In a scanf() format, a blank, tab or newline means 'skip white space if there is any to skip'. It does not directly 'clear the input buffer', but it does eat any white space which looks similar to clearing the input buffer (but is quite distinct from that). If you're on Windows, using fflush(stdin) clears the input buffer (of white space and non-white space characters); on Unix and according to the C standard, fflush(stdin) is undefined behaviour.
Incidentally, if you typed the integer followed immediately by a carriage return, the output of your program ends with two newlines: the first was in c and the second in the format string. Thus, you might have seen:
$ ./your_program
123
int=123
char=
$
That is, the scanf() reads the newline as its input. Consider an alternative input:
$ ./your_program
123xyz
int=123
char=x
$
The integer input stopped when it read the 'x'; the character input therefore reads the 'x'.
Because after you input the number and press ENTER, the new line stays in the buffer and will be processed by the second scanf.

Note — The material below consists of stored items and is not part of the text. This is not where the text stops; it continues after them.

(* Let $U=[N]=\{1,\dots,N\}$ be a finite set of candidate neurons, let $\tau\in(0,1]$ be a threshold, and let $E:2^{[N]}\to[0,1]$ be the (regime-conditional) strength set function defined in the context below. Let $A^\star=\{j\in[N]: E(\{j\})\ge\tau\}$ be the set of $\tau$-agonists. Consider the binary hierarchical search procedure $\mathrm{Search}(U)$: for the current group $U$ it computes an upper confidence bound $\widehat{E}^{\mathrm{UCB}}(U)$ from finite-sample estimates; if $\widehat{E}^{\mathrm{UCB}}(U)<\tau$ it prunes $U$ (returns $\emptyset$); otherwise, if $|U|=1$, say $U=\{j\}$, it queries $j$ as a singleton (computing a point estimate $\hat E(\{j\})$ and returning $\{j\}$ if $\hat E(\{j\})\ge\tau$, else $\emptyset$); otherwise it splits $U$ into two halves $U_1,U_2$ and returns $\mathrm{Search}(U_1)\cup\mathrm{Search}(U_2)$. Let $\mathcal{T}$ be the set of all groups (nodes of the full binary splitting tree) that could possibly be queried by this procedure. Assume: (A2) for every group $A$ queried by the search, $A\cap A^\star\neq\emptyset$ implies $E(A)\ge\tau$; (A3) for each tested group $A$, the upper confidence bound satisfies $\Pr\big[E(A)\le\widehat{E}^{\mathrm{UCB}}(A)\big]\ge 1-\alpha_A$, and a group is pruned only if $\widehat{E}^{\mathrm{UCB}}(A)<\tau$; and assume the confidence budgets satisfy $\sum_{A\in\mathcal{T}}\alpha_A\le\alpha_{\mathrm{tot}}$ (equivalently, an alpha-spending schedule over the full tree with total budget at most $\alpha_{\mathrm{tot}}$). Then, with probability at least $1-\alpha_{\mathrm{tot}}$, the procedure does not prune any group $A$ that contains an element of $A^\star$. Consequently, with this probability every $j\in A^\star$ lies on an unpruned root-to-leaf path of the splitting tree and is eventually queried as a singleton.
   Context: Setting: a fixed layer of a language model with $N$ candidate neurons (scalar activations) and a fixed baseline regime $b\in\{0,1\}$. Two finite evaluation sets (slices) $\mathcal{D}^+$ and $\mathcal{D}^-$ consist of inputs on which the un-intervened model's binary behavior label equals $b$. For a set $A\subseteq[N]$, the intervention $\mathrm{do}(A)$ replaces the activations of the neurons in $A$ by fixed baseline values, and $\delta_{S}(A)=\Pr_{x\sim\mathcal{D}^S}[\text{post-intervention behavior label of }x\neq b]$ for $S\in\{+,-\}$ (uniform distribution on the slice). The strength is $E(A)=\max\{\delta_+(A),\delta_-(A)\}$. A neuron $j$ is a $\tau$-agonist if $E(\{j\})\ge\tau$. The flip rates are estimated on finite samples, and $\widehat{E}^{\mathrm{UCB}}(A)$ denotes the resulting upper confidence bound on $E(A)$ (e.g., the maximum of one-sided Clopper–Pearson upper bounds for the two slices). *)

theory Defs
  imports "HOL-Probability.Probability"
begin

text \<open>Flip rate on a finite slice D (uniform distribution):
  lab A x is the post-intervention behaviour label of input x under do(A).\<close>
definition flip_rate :: "(nat set \<Rightarrow> 'x \<Rightarrow> bool) \<Rightarrow> bool \<Rightarrow> 'x set \<Rightarrow> nat set \<Rightarrow> real" where
  "flip_rate lab b D A = real (card {x\<in>D. lab A x \<noteq> b}) / real (card D)"

definition strength :: "(nat set \<Rightarrow> 'x \<Rightarrow> bool) \<Rightarrow> bool \<Rightarrow> 'x set \<Rightarrow> 'x set \<Rightarrow> nat set \<Rightarrow> real" where
  "strength lab b Dp Dm A = max (flip_rate lab b Dp A) (flip_rate lab b Dm A)"

definition agonists :: "(nat set \<Rightarrow> real) \<Rightarrow> real \<Rightarrow> nat \<Rightarrow> nat set" where
  "agonists E \<tau> N = {j \<in> {1..N}. E {j} \<ge> \<tau>}"

inductive_set split_tree :: "(nat set \<Rightarrow> nat set \<times> nat set) \<Rightarrow> nat set \<Rightarrow> nat set set"
  for split :: "nat set \<Rightarrow> nat set \<times> nat set" and R :: "nat set" where
  root: "R \<in> split_tree split R"
| left: "A \<in> split_tree split R \<Longrightarrow> 2 \<le> card A \<Longrightarrow> fst (split A) \<in> split_tree split R"
| right: "A \<in> split_tree split R \<Longrightarrow> 2 \<le> card A \<Longrightarrow> snd (split A) \<in> split_tree split R"

text \<open>Groups actually tested by Search(R) on the sample outcome w: a group is
  tested; it is pruned iff ucb < tau; an unpruned group of size >= 2 is split and
  both halves are tested; an unpruned singleton is queried as a singleton.\<close>
inductive queried :: "(nat set \<Rightarrow> nat set \<times> nat set) \<Rightarrow> nat set \<Rightarrow> (nat set \<Rightarrow> 'w \<Rightarrow> real)
    \<Rightarrow> real \<Rightarrow> 'w \<Rightarrow> nat set \<Rightarrow> bool"
  for split R ucb \<tau> w where
  root: "queried split R ucb \<tau> w R"
| left: "queried split R ucb \<tau> w A \<Longrightarrow> \<tau> \<le> ucb A w \<Longrightarrow> 2 \<le> card A
          \<Longrightarrow> queried split R ucb \<tau> w (fst (split A))"
| right: "queried split R ucb \<tau> w A \<Longrightarrow> \<tau> \<le> ucb A w \<Longrightarrow> 2 \<le> card A
          \<Longrightarrow> queried split R ucb \<tau> w (snd (split A))"

definition pruned :: "(nat set \<Rightarrow> nat set \<times> nat set) \<Rightarrow> nat set \<Rightarrow> (nat set \<Rightarrow> 'w \<Rightarrow> real)
    \<Rightarrow> real \<Rightarrow> 'w \<Rightarrow> nat set \<Rightarrow> bool" where
  "pruned split R ucb \<tau> w A \<longleftrightarrow> queried split R ucb \<tau> w A \<and> ucb A w < \<tau>"

end

theory Submission
  imports Defs
begin

text \<open>On the event that the upper confidence bound of every node of the splitting tree is
  valid, a queried group meeting an agonist has ucb at least its strength, which is at least
  tau by (A2); so it is never pruned, and following the halves that contain a fixed agonist
  leads down to its singleton. By the union bound over the finitely many nodes, that event
  has probability at least 1 - alpha_tot.\<close>

lemma (in prob_space) prob_all_ge_one_minus_sum:
  assumes "finite I"
    and events: "\<And>i. i \<in> I \<Longrightarrow> {x \<in> space M. P i x} \<in> events"
    and bound: "\<And>i. i \<in> I \<Longrightarrow> prob {x \<in> space M. P i x} \<ge> 1 - a i"
  shows "prob {x \<in> space M. \<forall>i \<in> I. P i x} \<ge> 1 - (\<Sum>i \<in> I. a i)"
proof -
  let ?G = "{x \<in> space M. \<forall>i \<in> I. P i x}"
  have G_event: "?G \<in> events"
    using sets.sets_Collect_finite_All[OF events \<open>finite I\<close>] by simp
  have "prob (space M - ?G) = prob (\<Union>i \<in> I. space M - {x \<in> space M. P i x})"
    by (rule arg_cong[where f = prob]) auto
  also have "\<dots> \<le> (\<Sum>i \<in> I. prob (space M - {x \<in> space M. P i x}))"
    using events by (intro finite_measure_subadditive_finite[OF \<open>finite I\<close>]) auto
  also have "\<dots> \<le> (\<Sum>i \<in> I. a i)"
    using bound prob_compl[OF events] by (intro sum_mono) fastforce
  finally show ?thesis
    using prob_compl[OF G_event] by simp
qed

definition halving :: "(nat set \<Rightarrow> nat set \<times> nat set) \<Rightarrow> bool" where
  "halving split \<longleftrightarrow> (\<forall>A. 2 \<le> card A \<longrightarrow>
     fst (split A) \<union> snd (split A) = A \<and> fst (split A) \<inter> snd (split A) = {}
     \<and> card (fst (split A)) = card A div 2)"

lemma halving_Un:
  "halving split \<Longrightarrow> 2 \<le> card A \<Longrightarrow> fst (split A) \<union> snd (split A) = A"
  unfolding halving_def by blast

lemma halving_card_less:
  assumes "halving split" and "2 \<le> card A"
  shows "card (fst (split A)) < card A" and "card (snd (split A)) < card A"
proof -
  have "finite A"
    using \<open>2 \<le> card A\<close> card.infinite by fastforce
  moreover have "fst (split A) \<union> snd (split A) = A" "fst (split A) \<inter> snd (split A) = {}"
    and card_fst: "card (fst (split A)) = card A div 2"
    using assms unfolding halving_def by blast+
  ultimately have "card A = card (fst (split A)) + card (snd (split A))"
    by (metis card_Un_disjoint finite_Un)
  then show "card (fst (split A)) < card A" and "card (snd (split A)) < card A"
    using card_fst \<open>2 \<le> card A\<close> by linarith+
qed

lemma split_tree_subset:
  assumes "halving split"
  shows "A \<in> split_tree split R \<Longrightarrow> A \<subseteq> R"
  by (induction rule: split_tree.induct) (use halving_Un[OF assms] in blast)+

lemma finite_split_tree:
  "halving split \<Longrightarrow> finite R \<Longrightarrow> finite (split_tree split R)"
  by (meson Pow_iff finite_Pow_iff rev_finite_subset split_tree_subset subsetI)

lemma queried_in_split_tree:
  "queried split R ucb \<tau> w A \<Longrightarrow> A \<in> split_tree split R"
  by (induction rule: queried.induct) (auto intro: split_tree.intros)

lemma queried_singleton:
  assumes "halving split" and "finite A" and "queried split R ucb \<tau> w A" and "j \<in> A"
    and unpruned: "\<And>B. queried split R ucb \<tau> w B \<Longrightarrow> j \<in> B \<Longrightarrow> \<tau> \<le> ucb B w"
  shows "queried split R ucb \<tau> w {j}"
  using assms(2-4)
proof (induction "card A" arbitrary: A rule: less_induct)
  case less
  note A = less.prems
  show ?case
  proof (cases "card A \<le> 1")
    case True
    moreover have "0 < card A"
      using A(1,3) card_gt_0_iff by blast
    ultimately have "card A = 1"
      by linarith
    then obtain x where "A = {x}"
      by (rule card_1_singletonE)
    then have "A = {j}"
      using A(3) by simp
    then show ?thesis
      using A(2) by simp
  next
    case False
    then have "2 \<le> card A"
      by simp
    have "\<tau> \<le> ucb A w"
      using unpruned[OF A(2,3)] .
    then have left: "queried split R ucb \<tau> w (fst (split A))"
      and right: "queried split R ucb \<tau> w (snd (split A))"
      using queried.left[OF A(2)] queried.right[OF A(2)] \<open>2 \<le> card A\<close> by auto
    have halves: "fst (split A) \<union> snd (split A) = A"
      using halving_Un[OF \<open>halving split\<close> \<open>2 \<le> card A\<close>] .
    then have "finite (fst (split A))" "finite (snd (split A))"
      using A(1) by (metis finite_Un)+
    note smaller = halving_card_less[OF \<open>halving split\<close> \<open>2 \<le> card A\<close>]
    consider "j \<in> fst (split A)" | "j \<in> snd (split A)"
      using halves A(3) by blast
    then show ?thesis
    proof cases
      case 1
      show ?thesis
        by (rule less.hyps[OF smaller(1) \<open>finite (fst (split A))\<close> left 1])
    next
      case 2
      show ?thesis
        by (rule less.hyps[OF smaller(2) \<open>finite (snd (split A))\<close> right 2])
    qed
  qed
qed

lemma search_keeps_hit_groups:
  assumes "halving split" and "finite R" and "S \<subseteq> R"
    and strong: "\<And>A. A \<in> split_tree split R \<Longrightarrow> A \<inter> S \<noteq> {} \<Longrightarrow> \<tau> \<le> E A"
    and valid: "\<And>A. A \<in> split_tree split R \<Longrightarrow> E A \<le> ucb A w"
  shows "(\<forall>A. pruned split R ucb \<tau> w A \<longrightarrow> A \<inter> S = {})
    \<and> (\<forall>j \<in> S. queried split R ucb \<tau> w {j} \<and> \<tau> \<le> ucb {j} w)"
proof -
  have unpruned: "\<tau> \<le> ucb A w" if "queried split R ucb \<tau> w A" and "A \<inter> S \<noteq> {}" for A
    using strong[OF queried_in_split_tree[OF that(1)] that(2)]
      valid[OF queried_in_split_tree[OF that(1)]] by linarith
  have "A \<inter> S = {}" if "pruned split R ucb \<tau> w A" for A
    using that unpruned unfolding pruned_def by (meson not_le)
  moreover have "queried split R ucb \<tau> w {j} \<and> \<tau> \<le> ucb {j} w" if "j \<in> S" for j
  proof -
    have unpruned_j: "\<tau> \<le> ucb B w" if "queried split R ucb \<tau> w B" and "j \<in> B" for B
      using unpruned[OF that(1)] that(2) \<open>j \<in> S\<close> by blast
    have "j \<in> R"
      using \<open>S \<subseteq> R\<close> \<open>j \<in> S\<close> by blast
    have "queried split R ucb \<tau> w {j}"
      by (rule queried_singleton[where ucb = ucb, OF \<open>halving split\<close> \<open>finite R\<close> queried.root
            \<open>j \<in> R\<close> unpruned_j])
    with unpruned_j show ?thesis
      by simp
  qed
  ultimately show ?thesis
    by blast
qed

theorem theoremB1:
  fixes M :: "'w measure" and N :: nat and \<tau> \<alpha>_tot :: real
    and \<alpha> :: "nat set \<Rightarrow> real" and ucb :: "nat set \<Rightarrow> 'w \<Rightarrow> real"
    and split :: "nat set \<Rightarrow> nat set \<times> nat set"
    and lab :: "nat set \<Rightarrow> 'x \<Rightarrow> bool" and b :: bool and Dp Dm :: "'x set"
  assumes "prob_space M"
    and "0 < \<tau>" and "\<tau> \<le> 1"
    and "finite Dp" and "Dp \<noteq> {}" and "finite Dm" and "Dm \<noteq> {}"
    and "\<forall>x \<in> Dp \<union> Dm. lab {} x = b"
    and halves: "\<forall>A. 2 \<le> card A \<longrightarrow>
           fst (split A) \<union> snd (split A) = A \<and> fst (split A) \<inter> snd (split A) = {}
           \<and> card (fst (split A)) = card A div 2"
    and A2: "\<forall>A \<in> split_tree split {1..N}.
           A \<inter> agonists (strength lab b Dp Dm) \<tau> N \<noteq> {} \<longrightarrow> strength lab b Dp Dm A \<ge> \<tau>"
    and A3: "\<forall>A \<in> split_tree split {1..N}. ucb A \<in> borel_measurable M \<and>
           measure M {w \<in> space M. strength lab b Dp Dm A \<le> ucb A w} \<ge> 1 - \<alpha> A"
    and budget: "(\<Sum>A \<in> split_tree split {1..N}. \<alpha> A) \<le> \<alpha>_tot"
  shows "\<exists>G \<in> sets M. measure M G \<ge> 1 - \<alpha>_tot \<and>
           (\<forall>w \<in> G.
              (\<forall>A. pruned split {1..N} ucb \<tau> w A \<longrightarrow> A \<inter> agonists (strength lab b Dp Dm) \<tau> N = {})
            \<and> (\<forall>j \<in> agonists (strength lab b Dp Dm) \<tau> N.
                 queried split {1..N} ucb \<tau> w {j} \<and> \<tau> \<le> ucb {j} w))"
proof -
  interpret prob_space M by fact
  define T where "T = split_tree split {1..N}"
  define G where "G = {w \<in> space M. \<forall>A \<in> T. strength lab b Dp Dm A \<le> ucb A w}"
  have "halving split"
    using halves unfolding halving_def .
  then have "finite T"
    unfolding T_def by (simp add: finite_split_tree)
  have events: "{w \<in> space M. strength lab b Dp Dm A \<le> ucb A w} \<in> events" if "A \<in> T" for A
    using A3 that unfolding T_def borel_measurable_iff_ge by blast
  have "G \<in> events"
    unfolding G_def using sets.sets_Collect_finite_All[OF events \<open>finite T\<close>] .
  moreover have "prob G \<ge> 1 - (\<Sum>A \<in> T. \<alpha> A)"
    unfolding G_def using A3 unfolding T_def
    by (intro prob_all_ge_one_minus_sum[OF \<open>finite T\<close>[unfolded T_def] events[unfolded T_def]]) auto
  moreover have "\<forall>w \<in> G.
      (\<forall>A. pruned split {1..N} ucb \<tau> w A \<longrightarrow> A \<inter> agonists (strength lab b Dp Dm) \<tau> N = {})
    \<and> (\<forall>j \<in> agonists (strength lab b Dp Dm) \<tau> N.
          queried split {1..N} ucb \<tau> w {j} \<and> \<tau> \<le> ucb {j} w)"
    using A2 unfolding G_def T_def agonists_def
    by (intro ballI search_keeps_hit_groups[where E = "strength lab b Dp Dm", OF \<open>halving split\<close>]) auto
  ultimately show ?thesis
    using budget unfolding T_def by (intro bexI[where x = G]) auto
qed

end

In short, you saved new line in the variable c.
However ,if you use
scanf(" %c",&c);
// ^
the space will consume the new line, which makes c the value you expected.
You have to pass a pointer to the data object specified by the format string, so
scanf("%c", c);
will actually pass the value of c, which in turn could cause a program fault,
scanf("%c", &c);
will pass the address of c, allowing scanf to change the value of your copy.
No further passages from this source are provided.